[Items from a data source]
= = = = = = =
(* Let $m\ge 2$ be an integer, let $z_1,z_2,\dots$ be i.i.d. standard normal random variables, let $I_1,\dots,I_m$ be positive integers, and set $N_1=I_1$, $N_i=N_{i-1}+I_i$ for $i>1$. Let $r_1,\dots,r_m>0$ and define the events $\zeta_i=\{\sum_{j=1}^{N_i} z_j^2>r_i^2\}$, $i=1,\dots,m$. For parameters $u_1^m=(u_1,\dots,u_m)$ with $0\le u_i<1/2$, define recursively $$h_1=u_1,\qquad h_i=h_{i-1}+u_i(1-2h_{i-1}),$$ $$g_1=e^{-u_1 r_m^2}(1-2u_1)^{-I_m/2},\qquad g_i=g_{i-1}\,e^{-u_i(1-2h_{i-1})r_{m-i+1}^2}\,(1-2h_i)^{-I_{m-i+1}/2}.$$ Then $$\Pr\left(\bigcap_{i=1}^m\zeta_i\right)\ge\max\left(0,\ \Pr\left(\bigcap_{i=2}^m\zeta_i\right)-\inf_{u_1^m}\frac{g_{m-1}(u_1^m)\,\Pr\left(\chi^2_{I_1}\le(1-2h_{m-1})r_1^2\right)}{(1-2h_{m-1})^{I_1/2}}\right),$$ the infimum being over all $u_1^m$ with $0\le u_i<1/2$ for all $i$.
   Context: For a positive integer $k$, $\chi^2_k$ denotes a random variable with the central chi-square distribution with $k$ degrees of freedom. *)

theory Defs
  imports "HOL-Probability.Probability"
begin

definition chi2_density :: "nat \<Rightarrow> real \<Rightarrow> real" where
  "chi2_density k x =
     (if x > 0 then x powr (real k / 2 - 1) * exp (- x / 2) / (2 powr (real k / 2) * Gamma (real k / 2))
      else 0)"

definition chi2_cdf :: "nat \<Rightarrow> real \<Rightarrow> real" where
  "chi2_cdf k x = measure (density lborel (\<lambda>t. ennreal (chi2_density k t))) {..x}"

(* h_0 = 0, h_i = h_{i-1} + u_i (1 - 2 h_{i-1});  gives h_1 = u_1 *)
primrec hseq :: "(nat \<Rightarrow> real) \<Rightarrow> nat \<Rightarrow> real" where
  "hseq u 0 = 0"
| "hseq u (Suc i) = hseq u i + u (Suc i) * (1 - 2 * hseq u i)"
= = = = = = =
» **The task**
Repeat each of the records exactly as written.

» **Completed exercise**
(* Let $m\ge 2$ be an integer, let $z_1,z_2,\dots$ be i.i.d. standard normal random variables, let $I_1,\dots,I_m$ be positive integers, and set $N_1=I_1$, $N_i=N_{i-1}+I_i$ for $i>1$. Let $r_1,\dots,r_m>0$ and define the events $\zeta_i=\{\sum_{j=1}^{N_i} z_j^2>r_i^2\}$, $i=1,\dots,m$. For parameters $u_1^m=(u_1,\dots,u_m)$ with $0\le u_i<1/2$, define recursively $$h_1=u_1,\qquad h_i=h_{i-1}+u_i(1-2h_{i-1}),$$ $$g_1=e^{-u_1 r_m^2}(1-2u_1)^{-I_m/2},\qquad g_i=g_{i-1}\,e^{-u_i(1-2h_{i-1})r_{m-i+1}^2}\,(1-2h_i)^{-I_{m-i+1}/2}.$$ Then $$\Pr\left(\bigcap_{i=1}^m\zeta_i\right)\ge\max\left(0,\ \Pr\left(\bigcap_{i=2}^m\zeta_i\right)-\inf_{u_1^m}\frac{g_{m-1}(u_1^m)\,\Pr\left(\chi^2_{I_1}\le(1-2h_{m-1})r_1^2\right)}{(1-2h_{m-1})^{I_1/2}}\right),$$ the infimum being over all $u_1^m$ with $0\le u_i<1/2$ for all $i$.
   Context: For a positive integer $k$, $\chi^2_k$ denotes a random variable with the central chi-square distribution with $k$ degrees of freedom. *)

theory Defs
  imports "HOL-Probability.Probability"
begin

definition chi2_density :: "nat \<Rightarrow> real \<Rightarrow> real" where
  "chi2_density k x =
     (if x > 0 then x powr (real k / 2 - 1) * exp (- x / 2) / (2 powr (real k / 2) * Gamma (real k / 2))
      else 0)"

definition chi2_cdf :: "nat \<Rightarrow> real \<Rightarrow> real" where
  "chi2_cdf k x = measure (density lborel (\<lambda>t. ennreal (chi2_density k t))) {..x}"

(* h_0 = 0, h_i = h_{i-1} + u_i (1 - 2 h_{i-1});  gives h_1 = u_1 *)
primrec hseq :: "(nat \<Rightarrow> real) \<Rightarrow> nat \<Rightarrow> real" where
  "hseq u 0 = 0"
| "hseq u (Suc i) = hseq u i + u (Suc i) * (1 - 2 * hseq u i)"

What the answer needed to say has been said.